lemma threshold_output_circuits:
  obtains M where "\<And>i. i < length as \<Longrightarrow> wf_circuit bool_alg n (M i)"
    and "(\<Sum>i<length as. circ_size (M i)) \<le> 4 * length as + length as * layer_size_bound * length t"
    and "\<And>x i. length x = n \<Longrightarrow> i < length as \<Longrightarrow>
      circ_eval bool_alg (M i) x \<longleftrightarrow> (as ! i, circ_eval A t (map \<iota> x)) \<in> r"
proof -
  obtain gs pos where c: "threshold_circuit t = (gs, pos)" by fastforce
  have comp: "computes_thresholds n t ({..<length t} \<times> set as) (gs, pos)"
    using threshold_circuit_computes c by simp
  have t_ne: "t \<noteq> []" using wf_t by (simp add: wf_circuit_def)
  define N where "N = length t - 1"
  have N: "N < length t" using t_ne by (simp add: N_def)
  have pos_less: "pos (N, as ! i) < length gs" if "i < length as" for i
    using computes_thresholdsD(1)[OF comp] N that by simp
  \<comment> \<open>The gate x \<or> x copies the threshold bit of the output node of t to the end.\<close>
  define M where "M i = gs @ [Gate 1 [pos (N, as ! i), pos (N, as ! i)]]" for i
  show ?thesis
  proof
    show "wf_circuit bool_alg n (M i)" if "i < length as" for i
      using comp pos_less[OF that]
      by (auto simp: M_def computes_thresholds_def node_ok_def ops_bool_alg intro!: wf_circuit_snoc)
    have "circ_size (M i) \<le> 4 + length t * layer_size_bound" for i
      using circ_size_threshold_circuit c by (simp add: M_def circ_size_def)
    then have "(\<Sum>i<length as. circ_size (M i)) \<le> length as * (4 + length t * layer_size_bound)"
      using sum_bounded_above[of "{..<length as}" "\<lambda>i. circ_size (M i)"] by simp
    then show "(\<Sum>i<length as. circ_size (M i))
        \<le> 4 * length as + length as * layer_size_bound * length t"
      by (simp add: algebra_simps)
    show "circ_eval bool_alg (M i) x \<longleftrightarrow> (as ! i, circ_eval A t (map \<iota> x)) \<in> r"
      if x: "length x = n" and i: "i < length as" for x i
    proof -
      have "circ_eval bool_alg (M i) x = circ_vals bool_alg x gs ! pos (N, as ! i)"
        by (simp add: M_def circ_eval_def ops_bool_alg)
      also have "\<dots> \<longleftrightarrow> (as ! i, val x ! N) \<in> r"
        using computes_thresholdsD(2)[OF comp _ x] N i by simp
      also have "val x ! N = circ_eval A t (map \<iota> x)"
        using circ_eval_conv_nth[OF t_ne] by (simp add: N_def)
      finally show ?thesis .
    qed
  qed
qed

**What is being asked**. Would you output, unchanged, each line from the start of the records to the line that holds "i) < length", both included and nothing else?

**Expected output**.
lemma threshold_output_circuits:
  obtains M where "\<And>i. i < length as \<Longrightarrow> wf_circuit bool_alg n (M i)"
    and "(\<Sum>i<length as. circ_size (M i)) \<le> 4 * length as + length as * layer_size_bound * length t"
    and "\<And>x i. length x = n \<Longrightarrow> i < length as \<Longrightarrow>
      circ_eval bool_alg (M i) x \<longleftrightarrow> (as ! i, circ_eval A t (map \<iota> x)) \<in> r"
proof -
  obtain gs pos where c: "threshold_circuit t = (gs, pos)" by fastforce
  have comp: "computes_thresholds n t ({..<length t} \<times> set as) (gs, pos)"
    using threshold_circuit_computes c by simp
  have t_ne: "t \<noteq> []" using wf_t by (simp add: wf_circuit_def)
  define N where "N = length t - 1"
  have N: "N < length t" using t_ne by (simp add: N_def)
  have pos_less: "pos (N, as ! i) < length gs" if "i < length as" for i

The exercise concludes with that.